History

England
- Name: HMS Seahorse
- Ordered: 2 May 1694
- Builder: John Haydon, Limehouse
- Launched: 27 September 1694
- Commissioned: 13 August 1694
- Fate: Wrecked 14 March 1704

General characteristics
- Type: 20-gun Sixth Rate
- Tons burthen: 256+45⁄94 bm
- Length: 92 ft 1 in (28.1 m) gundeck; 77 ft 8 in (23.7 m) keel for tonnage;
- Beam: 24 ft 11 in (7.6 m) for tonnage
- Depth of hold: 10 ft 8 in (3.3 m)
- Armament: initially as ordered; 20 × sakers on wooden trucks (UD); 4 × 3-pdr on wooden trucks (QD); 1703 Establishment; 20 × 6-pdrs on wooden trucks (UD); 4 × 4-pdr on wooden trucks (QD);

= HMS Seahorse (1694 sixth rate) =

British warship

HMS Seahorse was a member of the standardized 20-gun sixth rates built at the end of the 17th century. After commissioning she spent her career in the North Sea, the English Channel, Irish sea, Newfoundland and finally Jamaica. Mainly employed as a trade protection vessel. She was wrecked in 1704.
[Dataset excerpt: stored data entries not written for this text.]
lemma P_eq_at_root:
  fixes a1 a2 :: int and t r :: real
  assumes "0 < a1" "a1 < a2" "1 < t" "0 < r" "r < 1" "mu_pow a1 a2 t r = 1"
  shows "P a1 a2 t = r powr (t - 1) / a2 - (a2 * (1 - r) / a1) powr (t - 1) / a1"
proof -
  let ?d = "mu_pow_deriv a1 a2 t r"
  have "(mu_pow a1 a2 t has_real_derivative ?d) (at r)"
    using assms by (intro has_real_derivative_mu_pow) auto
  from DERIV_cdivide[OF DERIV_fun_powr[OF this], of "1 / t" a2]
  have "((\<lambda>x. mu_pow a1 a2 t x powr (1 / t) / a2) has_real_derivative ?d / (t * a2)) (at r)"
    using assms by simp
  then have "(mu a1 a2 t has_real_derivative ?d / (t * a2)) (at r)"
  proof (rule has_field_derivative_transform_within_open[where S = "{0<..<1}"])
    show "\<And>x. x \<in> {0<..<1} \<Longrightarrow> mu_pow a1 a2 t x powr (1 / t) / a2 = mu a1 a2 t x"
      using assms by (simp add: mu_eq_mu_pow)
  qed (use assms in auto)
  then have "P a1 a2 t = ?d / (t * a2)"
    using assms by (simp add: P_def r0_eq_root DERIV_imp_deriv)
  also have "?d / (t * a2) = (r powr (t - 1) - a2 / a1 * (a2 * (1 - r) / a1) powr (t - 1)) / a2"
    using assms by (simp add: mu_pow_deriv_def)
  finally show ?thesis
    using assms by (simp add: field_simps)
qed
text \<open>Delta^(q)(Y_s), with the points y 0 > y 1 > ... > y (2s).\<close>
definition Delta_q :: "nat \<Rightarrow> nat \<Rightarrow> (nat \<Rightarrow> real) \<Rightarrow> (real \<Rightarrow> real) set" where
  "Delta_q q s y = {f. continuous_on UNIV f \<and> periodic2pi f \<and>
     (\<forall>i. 1 \<le> i \<and> i \<le> 2 * s \<longrightarrow> q_monotone q (\<lambda>x. (-1) ^ (i - 1) * f x) (y i) (y (i - 1)))}"

definition abs_cont_on :: "(real \<Rightarrow> real) \<Rightarrow> real \<Rightarrow> real \<Rightarrow> bool" where
  "abs_cont_on g a b \<longleftrightarrow> (\<forall>e>0. \<exists>d>0. \<forall>(m::nat) (u::nat\<Rightarrow>real) (v::nat\<Rightarrow>real).
      (\<forall>k<m. a \<le> u k \<and> u k < v k \<and> v k \<le> b) \<and> (\<forall>k l. k < l \<and> l < m \<longrightarrow> v k \<le> u l) \<and>
      (\<Sum>k<m. v k - u k) < d \<longrightarrow> (\<Sum>k<m. \<bar>g (v k) - g (u k)\<bar>) < e)"

definition loc_abs_cont :: "(real \<Rightarrow> real) \<Rightarrow> bool" where
  "loc_abs_cont g \<longleftrightarrow> (\<forall>a b. a \<le> b \<longrightarrow> abs_cont_on g a b)"

definition W_class :: "nat \<Rightarrow> (real \<Rightarrow> real) set" where
  "W_class r = {f. periodic2pi f \<and>
     (\<exists>g. deriv_chain (r - 1) g f UNIV \<and> loc_abs_cont (g (r - 1)) \<and>
        (AE x in lborel. \<exists>D. (g (r - 1) has_real_derivative D) (at x) \<and> \<bar>D\<bar> \<le> 2))}"

definition trig_poly :: "nat \<Rightarrow> (real \<Rightarrow> real) \<Rightarrow> bool" where
  "trig_poly n T \<longleftrightarrow> (\<exists>a b :: nat \<Rightarrow> real. \<forall>x.
      T x = a 0 + (\<Sum>k=1..n. a k * cos (real k * x) + b k * sin (real k * x)))"

definition supnorm :: "(real \<Rightarrow> real) \<Rightarrow> real" where
  "supnorm g = (SUP x. \<bar>g x\<bar>)"

definition E_nq :: "nat \<Rightarrow> nat \<Rightarrow> nat \<Rightarrow> (nat \<Rightarrow> real) \<Rightarrow> (real \<Rightarrow> real) \<Rightarrow> real" where
  "E_nq n q s y g = Inf {supnorm (\<lambda>x. g x - T x) | T. trig_poly n T \<and> T \<in> Delta_q q s y}"

end

theory Submission
  imports Defs
begin

text \<open>The extremal function \<open>f\<close> is a \<open>(q - 2)\<close>-fold periodic primitive of a continuous
  piecewise linear function \<open>F\<close> (a triangle over two adjacent arcs) which is affine on every
  arc, so \<open>f \<in> \<Delta>\<^sup>(\<^sup>q\<^sup>)(Y\<^sub>s) \<inter> W\<^sup>q\<^sup>-\<^sup>1\<close>.  For \<open>T \<in> \<T>\<^sub>n \<inter> \<Delta>\<^sup>(\<^sup>q\<^sup>)(Y\<^sub>s)\<close> the function \<open>w = T\<^sup>(\<^sup>q\<^sup>)\<close> has
  the sign of \<open>g x = \<Prod>\<^sub>k sin ((x - y\<^sub>k) / 2)\<close> on every arc and vanishes at the nodes.
  Integration by parts gives \<open>\<integral> w g = \<plusminus>\<integral> (T - f) g\<^sup>(\<^sup>q\<^sup>)\<close>, since \<open>\<integral> F g'' = 0\<close>
  (\<open>F\<close> is affine on the arcs and \<open>g\<close> vanishes at the nodes), and for \<open>\<phi> x = - cos (x - y\<^sub>1)\<close>
  it gives \<open>\<integral> w \<phi> = \<kappa> \<plusminus> \<integral> (T - f) \<phi>\<^sup>(\<^sup>q\<^sup>)\<close> with \<open>\<kappa> = \<integral> F \<phi>'' > 0\<close>.  Near the nodes a
  Bernstein-type estimate bounds \<open>|w|\<close> by \<open>n\<^sup>2 |x - y\<^sub>j| \<integral> |w|\<close>, away from them \<open>|g|\<close> is bounded
  below; together \<open>\<integral> |w| \<lesssim> n \<integral> w g\<close>, hence \<open>\<kappa> \<lesssim> n \<parallel>f - T\<parallel>\<close>.\<close>

section \<open>Trigonometric sums\<close>

type_synonym harmonics = "(real \<times> real \<times> real) list"

text \<open>A list of triples \<open>(\<omega>, A, c)\<close> represents the sum of the waves \<open>A cos (\<omega> x + c)\<close>;
  unlike trigonometric polynomials this class is closed under products of
  half-frequency factors such as \<open>sin ((x - y) / 2)\<close>.\<close>

fun trig_sum :: "harmonics \<Rightarrow> real \<Rightarrow> real" where
  "trig_sum [] x = 0"
| "trig_sum ((\<omega>, A, c) # hs) x = A * cos (\<omega> * x + c) + trig_sum hs x"

fun trig_sum_deriv :: "harmonics \<Rightarrow> harmonics" where
  "trig_sum_deriv [] = []"
| "trig_sum_deriv ((\<omega>, A, c) # hs) = (\<omega>, A * \<omega>, c + pi / 2) # trig_sum_deriv hs"

fun wave_mult :: "real \<times> real \<times> real \<Rightarrow> harmonics \<Rightarrow> harmonics" where
  "wave_mult _ [] = []"
| "wave_mult (\<omega>, A, c) ((\<nu>, B, d) # ks) =
     (\<omega> + \<nu>, A * B / 2, c + d) # (\<omega> - \<nu>, A * B / 2, c - d) # wave_mult (\<omega>, A, c) ks"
Seahorse was the fourth named vessel since it was used for a ship captured in 1626 and last mentioned in 1635.

==Construction==
She was ordered in the second batch of eight ships to be built under contract by John Haydon of Limehouse. She was launched on 27 September 1694.

==Commissioned service==
She was commissioned on 13 August 1694 under the command of Captain Nathaniel Grantham, RN, then Captain Anthony Tollett, RN for service in the English Channel. Captain John Drake, RN took command on 15 January 1696 until his death on 22 November 1697 for service in the Irish Sea then on to Newfoundland in 1697. In 1698 Captain George Walton, RN took over, joining Aylmer's squadron in the Mediterranean in November 1698. Captain Hercules Mitchell took command on 29 June 1701 for service at Jamaica. Captain William Russel, RN took command in June 1702 until his death on 30 June 1703. In 1704 she was under the command of either Commander Richard Jones or William James.

==Loss==
HMS Seahorse was wrecked off Manchinoncal, Jamaica, on 14 March 1704.